The Phantom of the Opera by Gaston Leroux
Recommended For: Ages 13 to Adult
Rating: PG (for scary situations and intense images)
An opera house in Paris is haunted by a mysterious and reportedly deformed "Opera Ghost". The new owners of the Opera choose not to believe the rumors, and in this, they make a grave mistake. For the Opera Ghost demands monthly payment and his other demands met...or grave trouble will ensue.
Meanwhile, chorus girl Christine Daae is getting singing lessons in her dressing room from the "Angel of Music" her father promised to send to her when he died. However, when old childhood friend and theater patron the Vicomte Raoul de Changy shows up and Christine pretends not to know him, he suspects something more behind the sinister Angel of Music.
No one suspects the truth behind the two personages, and the secret is one that could get many people killed. And their lives all hinge on the direction of the love of Miss Christine Daae.
I decided I don't really care if Morgan's already done a review of the book, if I can take a chance to rave about The Phantom of the Opera, I will.
I mean, wow. I had read the first quarter of the book and it wasn't really picking up, it wasn't really grabbing my interest, and then one day in the last week of Camp NaNoWriMo, I was scrolling through my Kindle carousel and my finger accidentally hit The Phantom of the Opera and it opened up. Instead of being a good author and putting the kindle down so I could catch up on my word count, I read the rest of the book that afternoon. And as a plus, I still caught up on my word count. So, all in all, I think it was a very good choice to make.
This is an old book, originally written in French. Now, I don't really know what it is the French have with deformed men, but...at least I can say The Phantom of the Opera was clean, unlike most French things I've seen or heard about. For an old book, it's written very well. It's written as if it actually happened and the author did research and talked with some people to find out about and write down the story. This kind of writing detracted from the character development and majorly detracted from the climax, but over all, it was tastefully written with no boring over-descriptions.
The setting is pretty simple: a 19th century opera house in France. Not that I know anything about 19th century French opera houses, but I do (sort of) know old-ish theaters, and from my knowledge of them, it seemed pretty accurate. I hear the opera house the story was set in is actually real, too, so the author could have gone to the actual location for research. And I would sincerely hope the book was historically accurate since it was written in the author's own time period and I don't believe the author was a time traveler.

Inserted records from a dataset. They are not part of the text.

lemma strict_mono_on_assemble: "strict_mono_on {1..k} (assemble B q \<circ> tau)"
proof (rule strict_mono_onI)
  fix r s assume r: "r \<in> {1..k}" and s: "s \<in> {1..k}" and "r < s"
  show "(assemble B q \<circ> tau) r < (assemble B q \<circ> tau) s"
  proof (cases "s \<le> j")
    case True
    then show ?thesis
      using r s \<open>r < s\<close> strict_mono_on_nth_least[of A] card_A
      by (simp add: assemble_A_nth_least strict_mono_on_def)
  next
    case False
    then have s': "s \<in> {j+1..k}" "s - j \<in> {1..k-j}" using s by auto
    show ?thesis
    proof (cases "r \<le> j")
      case True
      then have "assemble B q (tau r) \<in> {1..k}"
        using r nth_least_in[of A r] card_A A_subset by (auto simp: assemble_A_nth_least)
      moreover have "assemble B q (tau s) \<in> B"
        using assemble_R[OF s'(1)] nth_least_B_in[OF s'(2)] by simp
      then have "assemble B q (tau s) \<in> U"
        using B_subset by blast
      ultimately show ?thesis by simp
    next
      case False
      then have "r - j \<in> {1..k-j}" "r - j < s - j" using r s \<open>r < s\<close> by auto
      then show ?thesis
        using s' strict_mono_on_nth_least[OF finite_B] card_B False r
        by (simp add: assemble_R strict_mono_on_def)
    qed
  qed
qed

lemma assemble_inside: "{x \<in> {1..k}. assemble B q x \<in> {1..k}} = A"
proof -
  have "assemble B q x \<in> {1..k}" if "x \<in> A" for x
  proof -
    obtain i where i: "i \<in> {1..j}" "x = tau i" using \<open>x \<in> A\<close> by blast
    then have "pattern j tau i \<in> {1..k}" using pattern_tau_in j_le_k by fastforce
    then show ?thesis using i tau_in by (simp only: assemble_A)
  qed
  moreover have "assemble B q x \<notin> {1..k}" if "x \<in> R" for x
  proof -
    obtain i where i: "i \<in> {j+1..k}" "x = tau i" using \<open>x \<in> R\<close> by blast
    then have "i - j \<in> {1..k-j}" by auto
    then have "assemble B q x \<in> B" using i nth_least_B_in by (simp add: assemble_R)
    then show ?thesis using B_subset by auto
  qed
  ultimately show ?thesis
    using A_union_R A_subset by (auto simp del: atLeastAtMost_iff)
qed

lemma admissible_assemble: "admissible (assemble B q)"
proof -
  have "assemble B q permutes {1..n}"
    by (rule involution_permutes[OF involution_assemble]) (rule assemble_fixes)
  then show ?thesis
    unfolding admissible_def
    using involution_assemble strict_mono_on_assemble assemble_inside card_A by simp
qed

end

end

lemma mem_parameters:
  "(B, q) \<in> parameters \<longleftrightarrow> B \<subseteq> U \<and> card B = k - j \<and> q permutes U - B \<and> involution q"
  by (simp add: parameters_def)

lemma inj_on_assemble: "inj_on (case_prod assemble) parameters"
proof (rule inj_onI)
  fix Bq Bq' assume Bq: "Bq \<in> parameters" and Bq': "Bq' \<in> parameters"
    and eq: "case_prod assemble Bq = case_prod assemble Bq'"
  obtain B q B' q' where defs: "Bq = (B, q)" "Bq' = (B', q')" by fastforce
  then have P: "(B, q) \<in> parameters" "(B', q') \<in> parameters"
    and assemble_eq: "assemble B q = assemble B' q'"
    using Bq Bq' eq by simp_all
  have "B = assemble B q ` R"
    by (rule assemble_image_R[symmetric]) (use P(1) in \<open>simp_all add: mem_parameters\<close>)
  also have "\<dots> = B'"
    unfolding assemble_eq
    by (rule assemble_image_R) (use P(2) in \<open>simp_all add: mem_parameters\<close>)
  finally have "B = B'" .
  have "q x = q' x" for x
  proof (cases "x \<in> {1..k} \<union> B")
    case True
    then have "x \<notin> U - B" "x \<notin> U - B'" using \<open>B = B'\<close> by auto
    moreover have "q permutes U - B" "q' permutes U - B'"
      using P by (simp_all add: mem_parameters)
    ultimately show ?thesis by (simp add: permutes_not_in)
  next
    case False
    then have "q x = assemble B q x" "q' x = assemble B' q' x"
      using \<open>B = B'\<close> by (simp_all add: assemble_other)
    then show ?thesis using assemble_eq by simp
  qed
  then show "Bq = Bq'" using defs \<open>B = B'\<close> by auto
qed

definition residual :: "(nat \<Rightarrow> nat) \<Rightarrow> nat \<Rightarrow> nat" where
  "residual p x = (if x \<in> U - p ` R then p x else x)"

context
  fixes p assumes adm: "admissible p"
begin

Well...I'm not really sure how to describe it. I gave my best effort in the description at the beginning of the post that I wrote myself since none of the descriptions I saw were very good ones. I...really liked it, but I don't know much to say about it other than I couldn't put it down. Because I couldn't (other than the time I made myself so I could write) and I was severely disappointed when I was nearing the end and it was time for dinner. But I managed to finish it soon enough. I mean, the plot was really good! I just don't seem to have the words to describe it. It left me speechless, I guess.
Character Development: 4/5
I've heard from multiple places that Raoul is a wimp in the book. Well, I am here to dispel these rumors! *cue epic superhero entrance* The main impression I got from Raoul was that he was confused and had no idea what was going on. And people that don't have a clue what's going on can't do much of anything no matter how much they want to, and Raoul obviously wanted to from love of Christine. Yes, he lost it in the torture chamber, but that doesn't make him a coward. I have several characters of my own who are very brave yet probably would have lost it in there as well. And from the Persian's narrative, you could tell he was struggling to keep his hold on reality as well as they were in there longer and longer. The only reason he didn't was that he knew how the torture chamber worked and he knew the Phantom and he had seen many people in the torture chamber before. And even he would have lost it if they had been in there much longer. There, now I'm done defending Raoul...I really wish the characters would have been better developed. But, considering the style it was written in (see above), they really couldn't be developed as much as I would have liked. But one of the good things about this was that pretty much all the characters got the same amount of development, except the Phantom, who got considerably more, and Christine, who seemed to get less. I really liked Raoul all the same, and the Persian was interesting (Raoul never could have done it without him). Christine seemed the same as in the play and movie adaptations I've seen, and the Phantom...I just don't know what to think of him.
In other words, if you've seen one of the movie adaptations and/or one of the performances on stage, read the book. It'll make a whole lot more sense, and you'll certainly enjoy it, even if you didn't like the songs in the play, because the book doesn't have the songs. And if you haven't watched it in any way, shape, or form, read the book anyways. This is one classic you don't want to miss!